Reward System: Miners receive transaction fees and a subsidy of newly created bitcoins when they discover a block. The current reward is 6.25 bitcoins, halving every 210,000 blocks.
Mining Ecosystem:
Hardware Overview:
- CPU Mining: Initially used but became financially unwise with the advent of GPU mining.
- GPU Mining: Significantly faster and more efficient than CPU mining.
- FPGA Mining: Efficient and fast, comparable to GPU mining.
- ASIC Mining: Application-specific integrated circuits, introduced in 2013, vastly outperform previous technologies.
Mining Services: Mining contractors offer services with specified performance through mining contracts, including cloud mining.

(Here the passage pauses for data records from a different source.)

theorem prime_filter_separation:
  assumes F: "preorder_filter F" and I: "preorder_ideal I" and disj: "F \<inter> I = {}"
  shows "\<exists>Q. prime_filter Q \<and> preorder_filter Q \<and> F \<subseteq> Q \<and> Q \<inter> I = {}"
proof -
  define \<A> where "\<A> = {Q. preorder_filter Q \<and> F \<subseteq> Q \<and> Q \<inter> I = {}}"
  have "\<Union>\<C> \<in> \<A>" if "\<C> \<noteq> {}" "subset.chain \<A> \<C>" for \<C>
  proof -
    have "\<C> \<subseteq> \<A>" "\<forall>F\<in>\<C>. \<forall>G\<in>\<C>. F \<subseteq> G \<or> G \<subseteq> F"
      using that(2) unfolding subset.chain_def by blast+
    moreover from this have "preorder_filter (\<Union>\<C>)"
      using preorder_filter_Union_chain[OF that(1)] unfolding \<A>_def by blast
    ultimately show ?thesis
      using that(1) unfolding \<A>_def by blast
  qed
  moreover have "F \<in> \<A>"
    using F disj unfolding \<A>_def by blast
  ultimately obtain M where M: "M \<in> \<A>" and maximal: "\<forall>G\<in>\<A>. M \<subseteq> G \<longrightarrow> G = M"
    using subset_Zorn_nonempty[of \<A>] by blast
  have "prime_filter M"
  proof (rule maximal_preorder_filter_prime[OF _ I])
    show "preorder_filter M" "M \<inter> I = {}"
      using M unfolding \<A>_def by blast+
    show "G = M" if "preorder_filter G" "M \<subseteq> G" "G \<inter> I = {}" for G
      using maximal M that unfolding \<A>_def by blast
  qed
  then show ?thesis
    using M unfolding \<A>_def by blast
qed

corollary prime_filter_separation_principal:
  assumes "\<not> m \<preceq> j"
  shows "\<exists>Q. prime_filter Q \<and> preorder_filter Q \<and> m \<in> Q \<and> j \<notin> Q"
proof -
  have "preorder_filter {x. m \<preceq> x}"
    unfolding preorder_filter_def using le_imp_rel[OF top_greatest] rel_infI rel_trans by blast
  moreover have "preorder_ideal {x. x \<preceq> j}"
    unfolding preorder_ideal_def using le_imp_rel[OF bot_least] rel_supI rel_trans by blast
  moreover have "{x. m \<preceq> x} \<inter> {x. x \<preceq> j} = {}"
    using assms rel_trans by blast
  ultimately show ?thesis
    using prime_filter_separation rel_refl by blast
qed

end

section \<open>The spectral space\<close>

lemma sigmaA_subset_Xspec: "sigmaA a \<subseteq> Xspec"
  unfolding sigmaA_def by blast

lemma sigmaA_top [simp]: "sigmaA top = Xspec"
  unfolding sigmaA_def using prime_filter_top mem_Xspec_iff by blast

lemma sigmaA_bot [simp]: "sigmaA bot = {}"
  unfolding sigmaA_def mem_Xspec_iff using prime_filter_bot by auto

lemma sigmaA_inf: "sigmaA (inf a b) = sigmaA a \<inter> sigmaA b"
  unfolding sigmaA_def mem_Xspec_iff using prime_filter_inf_iff by auto

lemma sigmaA_sup: "sigmaA (sup a b) = sigmaA a \<union> sigmaA b"
  unfolding sigmaA_def mem_Xspec_iff using prime_filter_sup_iff by auto

lemma sigmaA_mono: "a \<le> b \<Longrightarrow> sigmaA a \<subseteq> sigmaA b"
  unfolding sigmaA_def mem_Xspec_iff using prime_filter_upward by auto

lemma topology_generated_by_subbase:
  "topology_generated_by \<S> =
     topology (arbitrary union_of (finite intersection_of (\<lambda>S. S \<in> \<S>) relative_to \<Union>\<S>))"
  unfolding generate_topology_on_eq
proof (rule topology_bases_eq)
  fix U x
  assume "(finite' intersection_of (\<lambda>S. S \<in> \<S>)) U" "x \<in> U"
  then show "\<exists>V. (finite intersection_of (\<lambda>S. S \<in> \<S>) relative_to \<Union>\<S>) V \<and> x \<in> V \<and> V \<subseteq> U"
    unfolding intersection_of_def relative_to_def by blast
next
  fix V x
  assume "(finite intersection_of (\<lambda>S. S \<in> \<S>) relative_to \<Union>\<S>) V" "x \<in> V"
  then obtain \<U> where "finite \<U>" "\<U> \<subseteq> \<S>" "V = \<Union>\<S> \<inter> \<Inter>\<U>"
    unfolding intersection_of_def relative_to_def by blast
  show "\<exists>U. (finite' intersection_of (\<lambda>S. S \<in> \<S>)) U \<and> x \<in> U \<and> U \<subseteq> V"
  proof (cases "\<U> = {}")
    case True
    with \<open>x \<in> V\<close> \<open>V = \<Union>\<S> \<inter> \<Inter>\<U>\<close> obtain S where "S \<in> \<S>" "x \<in> S"
      by blast
    then show ?thesis
      using True \<open>V = \<Union>\<S> \<inter> \<Inter>\<U>\<close> by (intro exI[of _ S]) (auto intro: finite'_intersection_of_inc)
  next
    case False
    then have "V = \<Inter>\<U>"
      using \<open>\<U> \<subseteq> \<S>\<close> \<open>V = \<Union>\<S> \<inter> \<Inter>\<U>\<close> by blast
    then show ?thesis
      using False \<open>finite \<U>\<close> \<open>\<U> \<subseteq> \<S>\<close> \<open>x \<in> V\<close>
      unfolding intersection_of_def by blast
  qed
qed
(* Let $k\geq 2$ and let $L=(l_1,\dots,l_k)$ be positive integers with $l_1+\dots+l_k=n$ which are generic and reduced. Then the geometric realization of the generalized tonnetz $Tonn^{n,k}(L)$ is homeomorphic to the $(k-1)$-dimensional torus $T^{k-1}=(S^1)^{k-1}$, i.e. $Tonn^{n,k}(L)$ is a triangulation of $T^{k-1}$.
   Context: Elements of $[n]$ are identified with elements of $\mathbb{Z}_n$. $L=(l_1,\dots,l_k)$ is generic if for all subsets $I,J\subseteq[k]$, $\sum_{i\in I}l_i=\sum_{j\in J}l_j$ implies $I=J$. $L$ is reduced if $\gcd(l_1,\dots,l_k)=1$. The generalized tonnetz $Tonn^{n,k}(L)$ is the simplicial complex on vertex set $\mathbb{Z}_n$ whose maximal simplices are the sets $\Delta(x;\sigma)=\{x,\,x+l_{\sigma(1)},\,x+l_{\sigma(1)}+l_{\sigma(2)},\dots,x+l_{\sigma(1)}+\dots+l_{\sigma(k-1)}\}$ (sums in $\mathbb{Z}_n$), for $x\in\mathbb{Z}_n$ and $\sigma\in S_k$; its simplices are all subsets of these sets. *)

theory Defs
  imports "HOL-Analysis.Analysis" "HOL-Combinatorics.Permutations"
begin

text \<open>Indices of L are 0..k-1 (L i is the paper's l_(i+1)); vertices of Z_n are 0..n-1.\<close>

definition generic :: "nat \<Rightarrow> (nat \<Rightarrow> nat) \<Rightarrow> bool" where
  "generic k L \<longleftrightarrow> (\<forall>I J. I \<subseteq> {..<k} \<longrightarrow> J \<subseteq> {..<k} \<longrightarrow>
      (\<Sum>i\<in>I. L i) = (\<Sum>j\<in>J. L j) \<longrightarrow> I = J)"

definition reduced :: "nat \<Rightarrow> (nat \<Rightarrow> nat) \<Rightarrow> bool" where
  "reduced k L \<longleftrightarrow> Gcd (L ` {..<k}) = 1"

definition tonnetz_simplex :: "nat \<Rightarrow> nat \<Rightarrow> (nat \<Rightarrow> nat) \<Rightarrow> nat \<Rightarrow> (nat \<Rightarrow> nat) \<Rightarrow> nat set" where
  "tonnetz_simplex n k L x \<sigma> = {(x + (\<Sum>j<i. L (\<sigma> j))) mod n | i. i < k}"

definition tonnetz :: "nat \<Rightarrow> nat \<Rightarrow> (nat \<Rightarrow> nat) \<Rightarrow> nat set set" where
  "tonnetz n k L = {S. \<exists>x<n. \<exists>\<sigma>. \<sigma> permutes {..<k} \<and> S \<subseteq> tonnetz_simplex n k L x \<sigma>}"

text \<open>Geometric realization of a (finite) simplicial complex K with vertices in nat:
  barycentric-coordinate functions supported on a simplex, in the product (Euclidean) topology.\<close>
definition geometric_realization :: "nat set set \<Rightarrow> (nat \<Rightarrow> real) set" where
  "geometric_realization K = {f. \<exists>S\<in>K. finite S \<and> (\<forall>v. 0 \<le> f v) \<and> (\<forall>v. v \<notin> S \<longrightarrow> f v = 0)
        \<and> (\<Sum>v\<in>S. f v) = 1}"

definition torus :: "nat \<Rightarrow> (nat \<Rightarrow> complex) set" where
  "torus m = {g. (\<forall>i<m. g i \<in> sphere 0 1) \<and> (\<forall>i\<ge>m. g i = 0)}"

end

theory Submission
  imports Defs
begin

text \<open>
  Each maximal simplex \<open>\<Delta>(x;\<sigma>)\<close> is mapped to the \<open>k\<close>-torus by lifting its vertices to the
  0/1-vectors of the initial segments \<open>{\<sigma>(1), \<dots>, \<sigma>(i)}\<close> in \<open>\<real>\<^sup>k\<close>, extending affinely,
  translating along the diagonal onto the hyperplane \<open>\<langle>L, y\<rangle> = -x\<close> and exponentiating.
  The image lies in the kernel of the character \<open>z \<mapsto> \<Prod> z\<^sub>m ^ l\<^sub>m\<close>. Genericity makes
  these maps agree on common faces; together they are injective, and every point of the kernel
  is reached: sorting its angles gives \<open>\<sigma>\<close>, and their consecutive gaps are the barycentric weights.
  By compactness the realization is homeomorphic to the kernel. Since \<open>gcd L = 1\<close>, the
  kernel is carried by shears of the torus (Euclid's algorithm) onto the coordinate subtorus
  \<open>{z\<^sub>j = 1} \<cong> T\<^sup>k\<^sup>-\<^sup>1\<close>.
\<close>

lemma continuous_on_component [continuous_intros]:
  "continuous_on S (\<lambda>z. z i :: 'b::topological_space)"
  by (rule continuous_on_subset[OF continuous_on_product_coordinates]) simp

Pools: Mining pools emerged to address income variance, allowing miners to share rewards more evenly.
Historical Context:
Bitcoin's blockchain started on January 3rd, 2009, with the genesis block and a reward of 50 bitcoins to its creator, presumably Satoshi Nakamoto.
Staking:
Staking, a concept in delegated proof-of-stake coins, involves users pooling their stakes to validate transactions and receive rewards. It's an alternative to traditional mining, requiring stable internet connections.
Additional Concepts:
Altcoins and Staking: Many altcoins utilize staking, marketed as an efficient alternative to traditional mining. However, it has potential vulnerabilities, such as the risk of a single entity acquiring enough coins to influence the network.
In conclusion, the world of Bitcoin mining is a complex and dynamic ecosystem, encompassing technical intricacies, hardware innovations, and evolving consensus mechanisms. My in-depth knowledge allows me to navigate these intricacies and provide insights into the intricate workings of cryptocurrency mining.